Stored data entries
lemma skew_commute_mult':
  assumes ac: "commute a c" and ab: "skew_commute q a b"
  shows "skew_commute q a (c * b)"
proof -
  have "a * (c * b) = c * (a * b)"
    using ac by (simp only: commute_def mult.assoc[symmetric])
  also have "\<dots> = c * (of_center q * b * a)"
    using ab by (simp only: skew_commute_def)
  also have "\<dots> = of_center q * (c * b) * a"
    by (simp only: mult.assoc of_center_left_commute)
  finally show ?thesis
    unfolding skew_commute_def .
qed

lemma skew_commute_mult_left':
  assumes cb: "commute c b" and ab: "skew_commute q a b"
  shows "skew_commute q (c * a) b"
proof -
  have "c * a * b = c * (of_center q * b * a)"
    using ab by (simp only: skew_commute_def mult.assoc)
  also have "\<dots> = of_center q * (c * b) * a"
    by (simp only: mult.assoc of_center_left_commute)
  also have "\<dots> = of_center q * b * (c * a)"
    using cb by (simp only: commute_def mult.assoc)
  finally show ?thesis
    unfolding skew_commute_def .
qed

lemma skew_commute_minus: "skew_commute q a b \<Longrightarrow> skew_commute q a (- b)"
  by (simp add: skew_commute_def)

lemma skew_commute_swap:
  assumes "skew_commute q a b"
  shows "skew_commute (inverse q) b a"
proof (cases "q = 0")
  case True
  then have "a * b = 0"
    using assms by (simp add: skew_commute_def)
  then show ?thesis
    by (auto simp: skew_commute_def)
next
  case False
  have "of_center (inverse q) * (a * b) = of_center (inverse q * q) * (b * a)"
    using assms by (simp only: skew_commute_def of_center_hom(6) mult.assoc)
  also have "\<dots> = b * a"
    using False by simp
  finally show ?thesis
    by (simp add: skew_commute_def mult.assoc)
qed

lemma skew_commute_inverse_swap:
  assumes ab: "skew_commute q a b"
  shows "skew_commute q (inverse b) a"
proof (cases "b = 0")
  case False
  have "inverse b * a = inverse b * (a * b) * inverse b"
    using False by (simp add: mult.assoc)
  also have "\<dots> = of_center q * (inverse b * b) * (a * inverse b)"
    using ab by (simp only: skew_commute_def mult.assoc of_center_left_commute)
  finally show ?thesis
    using False by (simp add: skew_commute_def mult.assoc)
qed (simp add: skew_commute_def)

lemma skew_commute_inverse: "skew_commute q a b \<Longrightarrow> skew_commute (inverse q) a (inverse b)"
  by (rule skew_commute_swap[OF skew_commute_inverse_swap])

lemma skew_commute_inverse_left: "skew_commute q a b \<Longrightarrow> skew_commute (inverse q) (inverse a) b"
  by (rule skew_commute_inverse_swap[OF skew_commute_swap])

lemma skew_product_power:
  assumes xy: "skew_commute (s ^ 2) x y"
  shows "(y * x) ^ n = of_center (s ^ (n * (n - 1))) * y ^ n * x ^ n"
proof (induction n)
  case (Suc n)
  have "(y * x) ^ Suc n = of_center (s ^ (n * (n - 1))) * y ^ n * (x ^ n * y) * x"
    by (simp only: Suc power_Suc2 mult.assoc)
  also have "\<dots> = of_center (s ^ (n * (n - 1)) * (s ^ 2) ^ n) * (y ^ n * y) * (x ^ n * x)"
    using skew_commute_power[OF xy, of n]
    by (simp only: skew_commute_def of_center_hom(6) mult.assoc of_center_left_commute[of "y ^ n"])
  also have "s ^ (n * (n - 1)) * (s ^ 2) ^ n = s ^ (n * (n - 1) + 2 * n)"
    by (simp only: power_add power_mult)
  also have "n * (n - 1) + 2 * n = Suc n * (Suc n - 1)"
    by (cases n) (simp_all add: algebra_simps)
  finally show ?case
    by (simp only: power_Suc2)
qed simp

lemma skew_affine_power:
  fixes x y z :: "'a::division_ring"
  assumes xy: "skew_commute (s ^ 2) x y" and xz: "commute x z" and yz: "commute y z"
    and s: "s ^ n = -1" and q: "primitive_root (s ^ 2) n"
  shows "(y * (x - z)) ^ n = (-1) ^ (n - 1) * (y ^ n * (x ^ n - z ^ n))"
proof -
  obtain m where m: "n = Suc m"
    using q by (auto simp: primitive_root_def gr0_conv_Suc)
  have skew: "skew_commute (s ^ 2) (y * x) (- (y * z))"
    using skew_commute_mult[OF skew_commute_mult_left'[OF commute_refl xy] commute_mult_left[OF yz xz]]
    by (rule skew_commute_minus)
  have sign: "s ^ (n * (n - 1)) = (-1) ^ m"
    unfolding power_mult s using m by simp
  have "(y * (x - z)) ^ n = (y * x + - (y * z)) ^ n"
    by (simp add: right_diff_distrib)
  also have "\<dots> = (y * x) ^ n + (- (y * z)) ^ n"
    using skew q by (rule skew_binomial_primitive_root)
  also have "(y * x) ^ n = (-1) ^ m * (y ^ n * x ^ n)"
    using skew_product_power[OF xy, of n] unfolding sign by (simp add: mult.assoc)
  also have "(- (y * z)) ^ n = (-1) ^ n * (y ^ n * z ^ n)"
    by (simp only: power_minus[of "y * z"] power_mult_commute[OF yz])
  also have "(-1) ^ m * (y ^ n * x ^ n) + (-1) ^ n * (y ^ n * z ^ n)
      = (-1) ^ (n - 1) * (y ^ n * (x ^ n - z ^ n))"
    using m by (simp add: right_diff_distrib)
  finally show ?thesis .
qed

lemma neg_skew_affine_power:
  fixes x y z w :: "'a::division_ring"
  assumes xy: "skew_commute (s ^ 2) x y" and "commute x z" "commute y z"
    and "s ^ n = -1" and q: "primitive_root (s ^ 2) n" and w: "commute w (y * (x - z))"
  shows "(- (w * (y * (x - z)))) ^ n = - (w ^ n * (y ^ n * (x ^ n - z ^ n)))"
proof -
  obtain m where m: "n = Suc m"
    using q by (auto simp: primitive_root_def gr0_conv_Suc)
  have "(- (w * (y * (x - z)))) ^ n = (-1) ^ n * (w ^ n * ((-1) ^ m * (y ^ n * (x ^ n - z ^ n))))"
    using skew_affine_power[OF assms(1-5)] m
    by (simp only: power_minus[of "w * _"] power_mult_commute[OF w] diff_Suc_1)
  also have "\<dots> = (-1) ^ Suc m * ((-1) ^ m * (w ^ n * (y ^ n * (x ^ n - z ^ n))))"
    unfolding m by (simp only: commute_left_commute[OF commute_sym[OF commute_minus_one_power[of m]]])
  also have "\<dots> = - (w ^ n * (y ^ n * (x ^ n - z ^ n)))"
    by (simp add: minus_one_power_mult_self)
  finally show ?thesis .
qed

INSTRUCTIONS FOR THE TASK
Count all lines of the data that include "assms". The answer is the number alone.

TASK RESULT
3